(* Let $(q_i)_{i\in\mathbb Z}$ be complex numbers, $T=(T_{ij})_{i,j\ge0}$ the infinite Toeplitz matrix with $T_{ij}=q_{i-j}$, and $T(w)=\sum_{i\in\mathbb Z}q_iw^i$ its symbol. Assume $T(w)$ converges absolutely on the annulus $\{1<|w|<1+\varepsilon\}$ for some $\varepsilon>0$. Then, as formal power series in $1/z$, $$(z-T)^{-1}_{00}:=\sum_{k\ge0}\frac{(T^k)_{00}}{z^{k+1}}=\exp\left(-\frac1{2\pi\mathrm i}\oint_{|w|=1+\varepsilon/2}\ln\big(z-T(w)\big)\frac{dw}w\right),$$ where $\ln(z-T(w))=\ln z-\sum_{k\ge1}\frac{T(w)^k}{kz^k}$. *)

theory Defs
  imports "HOL-Complex_Analysis.Complex_Analysis" "HOL-Computational_Algebra.Formal_Power_Series"
begin

definition toeplitz :: "(int \<Rightarrow> complex) \<Rightarrow> nat \<Rightarrow> nat \<Rightarrow> complex" where
  "toeplitz q i j = q (int i - int j)"

fun toeplitz_pow :: "(int \<Rightarrow> complex) \<Rightarrow> nat \<Rightarrow> nat \<Rightarrow> nat \<Rightarrow> complex" where
  "toeplitz_pow q 0 i j = (if i = j then 1 else 0)"
| "toeplitz_pow q (Suc k) i j = (\<Sum>\<^sub>\<infinity>l. toeplitz q i l * toeplitz_pow q k l j)"

definition symbol :: "(int \<Rightarrow> complex) \<Rightarrow> complex \<Rightarrow> complex" where
  "symbol q w = (\<Sum>\<^sub>\<infinity>i. q i * power_int w i)"

text \<open>With x = 1/z: ln z - ln(z - T(w)) = sum over k >= 1 of T(w)^k x^k / k, as a formal power series in x.\<close>
definition log_part :: "(int \<Rightarrow> complex) \<Rightarrow> complex \<Rightarrow> complex fps" where
  "log_part q w = Abs_fps (\<lambda>n. if n = 0 then 0 else symbol q w ^ n / of_nat n)"

definition fps_circle_avg :: "real \<Rightarrow> (complex \<Rightarrow> complex fps) \<Rightarrow> complex fps" where
  "fps_circle_avg r F = Abs_fps (\<lambda>n. contour_integral (circlepath 0 r) (\<lambda>w. fps_nth (F w) n / w) / (2 * pi * \<i>))"

end

theory Submission
  imports Defs
begin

....................

◆ **Problem description**
Return the entries above exactly as they were written.

◆ **Completed task**
(* Let $(q_i)_{i\in\mathbb Z}$ be complex numbers, $T=(T_{ij})_{i,j\ge0}$ the infinite Toeplitz matrix with $T_{ij}=q_{i-j}$, and $T(w)=\sum_{i\in\mathbb Z}q_iw^i$ its symbol. Assume $T(w)$ converges absolutely on the annulus $\{1<|w|<1+\varepsilon\}$ for some $\varepsilon>0$. Then, as formal power series in $1/z$, $$(z-T)^{-1}_{00}:=\sum_{k\ge0}\frac{(T^k)_{00}}{z^{k+1}}=\exp\left(-\frac1{2\pi\mathrm i}\oint_{|w|=1+\varepsilon/2}\ln\big(z-T(w)\big)\frac{dw}w\right),$$ where $\ln(z-T(w))=\ln z-\sum_{k\ge1}\frac{T(w)^k}{kz^k}$. *)

theory Defs
  imports "HOL-Complex_Analysis.Complex_Analysis" "HOL-Computational_Algebra.Formal_Power_Series"
begin

definition toeplitz :: "(int \<Rightarrow> complex) \<Rightarrow> nat \<Rightarrow> nat \<Rightarrow> complex" where
  "toeplitz q i j = q (int i - int j)"

fun toeplitz_pow :: "(int \<Rightarrow> complex) \<Rightarrow> nat \<Rightarrow> nat \<Rightarrow> nat \<Rightarrow> complex" where
  "toeplitz_pow q 0 i j = (if i = j then 1 else 0)"
| "toeplitz_pow q (Suc k) i j = (\<Sum>\<^sub>\<infinity>l. toeplitz q i l * toeplitz_pow q k l j)"

definition symbol :: "(int \<Rightarrow> complex) \<Rightarrow> complex \<Rightarrow> complex" where
  "symbol q w = (\<Sum>\<^sub>\<infinity>i. q i * power_int w i)"

text \<open>With x = 1/z: ln z - ln(z - T(w)) = sum over k >= 1 of T(w)^k x^k / k, as a formal power series in x.\<close>
definition log_part :: "(int \<Rightarrow> complex) \<Rightarrow> complex \<Rightarrow> complex fps" where
  "log_part q w = Abs_fps (\<lambda>n. if n = 0 then 0 else symbol q w ^ n / of_nat n)"

definition fps_circle_avg :: "real \<Rightarrow> (complex \<Rightarrow> complex fps) \<Rightarrow> complex fps" where
  "fps_circle_avg r F = Abs_fps (\<lambda>n. contour_integral (circlepath 0 r) (\<lambda>w. fps_nth (F w) n / w) / (2 * pi * \<i>))"

end

theory Submission
  imports Defs
begin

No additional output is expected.